lemma diag_mat_mult: "diag_mat g ** diag_mat h = diag_mat (\<lambda>i. g i * h i)"
  by (simp add: diag_mat_def matrix_matrix_mult_def vec_eq_iff if_distrib[of "\<lambda>a. a * _"]
      cong: if_cong)

lemma diag_mat_commute: "diag_mat g ** diag_mat h = diag_mat h ** diag_mat g"
  by (simp add: diag_mat_mult mult.commute)

lemma adj_diag_mat: "adj (diag_mat g) = diag_mat (\<lambda>i. cnj (g i))"
  by (simp add: adj_def diag_mat_def vec_eq_iff)

lemma trace_diag_mat: "trace (diag_mat g) = (\<Sum>i\<in>UNIV. g i)"
  by (simp add: trace_def diag_mat_def)

lemma mat_spec_diag_mat:
  fixes g :: "'n::finite \<Rightarrow> complex"
  shows "mat_spec (diag_mat g) = range g"
proof
  show "mat_spec (diag_mat g) \<subseteq> range g"
  proof
    fix c assume "c \<in> mat_spec (diag_mat g)"
    then obtain v where v: "v \<noteq> 0" "diag_mat g *v v = c *s v" unfolding mat_spec_def by blast
    obtain i where i: "v$i \<noteq> 0" using v(1) by (metis vec_eq_iff zero_index)
    have "g i * v$i = c * v$i"
      using arg_cong[OF v(2), of "\<lambda>w. w$i"] by (simp add: diag_mat_mult_vec)
    then have "c = g i" using i by simp
    then show "c \<in> range g" by simp
  qed
  show "range g \<subseteq> mat_spec (diag_mat g)"
  proof clarify
    fix i
    let ?v = "(\<chi> j. if j = i then 1 else 0) :: complex^'n"
    have "?v \<noteq> 0" "diag_mat g *v ?v = g i *s ?v" by (auto simp: diag_mat_mult_vec vec_eq_iff)
    then show "g i \<in> mat_spec (diag_mat g)" unfolding mat_spec_def by blast
  qed
qed

lemma proj_onto_eigenspace_diag_mat:
  fixes g :: "'n::finite \<Rightarrow> complex"
  shows "proj_onto (eigenspace (diag_mat g) c) = diag_mat (\<lambda>i. if g i = c then 1 else 0)"
proof (rule proj_onto_eqI)
  let ?P = "diag_mat (\<lambda>i. if g i = c then 1 else 0) :: complex^'n^'n"
  have "range (\<lambda>v. ?P *v v) = eigenspace (diag_mat g) c"
  proof
    show "range (\<lambda>v. ?P *v v) \<subseteq> eigenspace (diag_mat g) c"
      by (auto simp: eigenspace_def diag_mat_mult_vec vec_eq_iff)
    show "eigenspace (diag_mat g) c \<subseteq> range (\<lambda>v. ?P *v v)"
    proof
      fix v assume "v \<in> eigenspace (diag_mat g) c"
      then have "g i * v$i = c * v$i" for i
        unfolding eigenspace_def by (simp add: diag_mat_mult_vec vec_eq_iff)
      then have "v = ?P *v v" by (auto simp: diag_mat_mult_vec vec_eq_iff)
      then show "v \<in> range (\<lambda>v. ?P *v v)" by (rule range_eqI)
    qed
  qed
  then show "orth_proj_onto (eigenspace (diag_mat g) c) ?P"
    unfolding orth_proj_onto_def by (simp add: diag_mat_mult adj_diag_mat if_distrib cong: if_cong)
qed

lemma mat_fun_diag_mat: "mat_fun f (diag_mat g) = diag_mat (\<lambda>i. complex_of_real (f (Re (g i))))"
proof -
  let ?S = "\<Sum>c\<in>range g. f (Re c) *\<^sub>R diag_mat (\<lambda>i. if g i = c then 1 else 0)"
  have "?S$i$j = diag_mat (\<lambda>i. complex_of_real (f (Re (g i))))$i$j" for i j
  proof -
    have "?S$i$j = (\<Sum>c\<in>range g. f (Re c) *\<^sub>R (if i = j \<and> g i = c then 1 else 0 :: complex))"
      by (simp add: diag_mat_def vector_scaleR_component if_distrib[of "\<lambda>M. M $ j"] cong: if_cong)
        (auto intro!: sum.cong)
    also have "\<dots> = (\<Sum>c\<in>range g. if i = j \<and> g i = c then complex_of_real (f (Re c)) else 0)"
      by (rule sum.cong) (auto simp: scaleR_conv_of_real)
    also have "\<dots> = diag_mat (\<lambda>i. complex_of_real (f (Re (g i))))$i$j"
      by (simp add: diag_mat_def sum.delta')
    finally show ?thesis .
  qed
  then show ?thesis
    by (simp add: mat_fun_def mat_spec_diag_mat proj_onto_eigenspace_diag_mat vec_eq_iff)
qed
lemma realize2_quantizer_net:
  "realize2 (quantizer_net M \<delta>) x =
    (let z = max 0 (min x 1); r = run_units (sweep_units M \<delta> (2 ^ M - 1) @ clamp_units (1 / 2 ^ M)) z z
     in (z - r, 2 ^ M * r))"
proof -
  define us where "us = sweep_units M \<delta> (2 ^ M - 1) @ clamp_units (1 / 2 ^ M)"
  define v where
    "v = relu_vec (affine_app clip_layer (relu_vec (affine_app input_layer (\<lambda>i. if i = 0 then x else 0))))"
  have v: "v 0 = max 0 (min x 1)" "v 1 = max 0 (min x 1)"
    unfolding v_def by (simp_all add: input_clip_layers)
  have "run_net (quantizer_net M \<delta>) (\<lambda>i. if i = 0 then x else 0)
      = run_net (map unit_layer us @ [readout_layer (2 ^ M)]) v"
    unfolding quantizer_net_def us_def[symmetric] by (simp add: run_net_Cons v_def)
  then show ?thesis
    using run_unit_layers_readout[of v us "2 ^ M"] v unfolding realize2_def us_def[symmetric] Let_def
    by simp
qed

lemma width_quantizer_net: "width (quantizer_net M \<delta>) = 2"
proof -
  define ws where "ws = map fst (tl (quantizer_net M \<delta>))"
  have "fst (unit_layer u) = 2" for u by (cases u) simp
  then have "\<forall>d \<in> set ws. d = 2"
    by (auto simp: ws_def quantizer_net_def clip_layer_def readout_layer_def)
  then have "ws = replicate (length ws) 2" by (metis replicate_length_same)
  moreover have "ws \<noteq> []" by (simp add: ws_def quantizer_net_def)
  ultimately show ?thesis unfolding width_def ws_def[symmetric]
    by (metis foldr_max_sorted max_0R nth_replicate length_greater_0_conv rev_replicate sorted_replicate)
qed

lemma realize2_quantizer_net_range:
  "realize2 (quantizer_net M \<delta>) x \<in> {0 .. 1 - 1 / 2 ^ M} \<times> {0 .. 1}"
proof -
  define z where "z = max 0 (min x 1)"
  define r where "r = run_units (clamp_units (1 / 2 ^ M)) z (run_units (sweep_units M \<delta> (2 ^ M - 1)) z z)"
  have "r \<in> {max 0 (z + 1 / 2 ^ M - 1) .. min z (1 / 2 ^ M)}"
    unfolding r_def by (rule run_clamp_units_bounds) (simp_all add: z_def)
  then have "z - r \<in> {0 .. 1 - 1 / 2 ^ M}" "2 ^ M * r \<in> {0 .. 1}"
    by (auto simp: field_simps)
  moreover have "realize2 (quantizer_net M \<delta>) x = (z - r, 2 ^ M * r)"
    unfolding realize2_quantizer_net z_def r_def Let_def by simp
  ultimately show ?thesis by simp
qed

lemma realize2_quantizer_net_exact:
  assumes "0 < \<delta>" "x \<in> {0 .. 1} - Dset M \<delta>"
  shows "realize2 (quantizer_net M \<delta>) x = (qM M x, 2 ^ M * (x - qM M x))"
proof -
  obtain m where m: "dyadic_cell M x m" using dyadic_cell_exists assms(2) by auto
  have "m < 2 ^ M" using m unfolding dyadic_cell_def by simp
  then have "min (2 ^ M - 1) m = m" by simp
  then have "run_units (sweep_units M \<delta> (2 ^ M - 1)) x x = x - real m / 2 ^ M"
    using run_sweep_units[OF assms(1) m, of "2 ^ M - 1"] assms(2) by simp
  moreover have "x - real m / 2 ^ M \<in> {max 0 (x + 1 / 2 ^ M - 1) .. min x (1 / 2 ^ M)}"
    using dyadic_cell_remainder[OF m] assms(2) by simp
  ultimately have "run_units (sweep_units M \<delta> (2 ^ M - 1) @ clamp_units (1 / 2 ^ M)) x x = x - real m / 2 ^ M"
    by (simp add: run_clamp_units_id)
  moreover have "max 0 (min x 1) = x" using assms(2) by simp
  ultimately show ?thesis
    unfolding realize2_quantizer_net qM_eq_dyadic_cell[OF m] Let_def by simp
qed

theorem lemma11:
  fixes M :: nat and \<delta> :: real
  assumes "\<delta> > 0"
  shows "\<exists>N :: layer list. N \<noteq> [] \<and> in_dim N = 1 \<and> width N = 2 \<and>
           (\<forall>x \<in> {0..1} - Dset M \<delta>.
              realize2 N x = (qM M x, 2 ^ M * (x - qM M x))) \<and>
           (\<forall>x :: real. realize2 N x \<in> {0..1 - 1 / 2 ^ M} \<times> {0..1})"
proof (intro exI conjI ballI allI)
  show "quantizer_net M \<delta> \<noteq> []" by (simp add: quantizer_net_def)
  show "in_dim (quantizer_net M \<delta>) = 1" by (simp add: in_dim_def quantizer_net_def input_layer_def)
qed (simp_all add: assms width_quantizer_net realize2_quantizer_net_exact realize2_quantizer_net_range)

end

- - -

* **THE PROBLEM**
Return, from the entries, each line that holds "assms".

* **WRITTEN SOLUTION**
  obtain m where m: "dyadic_cell M x m" using dyadic_cell_exists assms(2) by auto
    using run_sweep_units[OF assms(1) m, of "2 ^ M - 1"] assms(2) by simp
    using dyadic_cell_remainder[OF m] assms(2) by simp
  moreover have "max 0 (min x 1) = x" using assms(2) by simp
qed (simp_all add: assms width_quantizer_net realize2_quantizer_net_exact realize2_quantizer_net_range)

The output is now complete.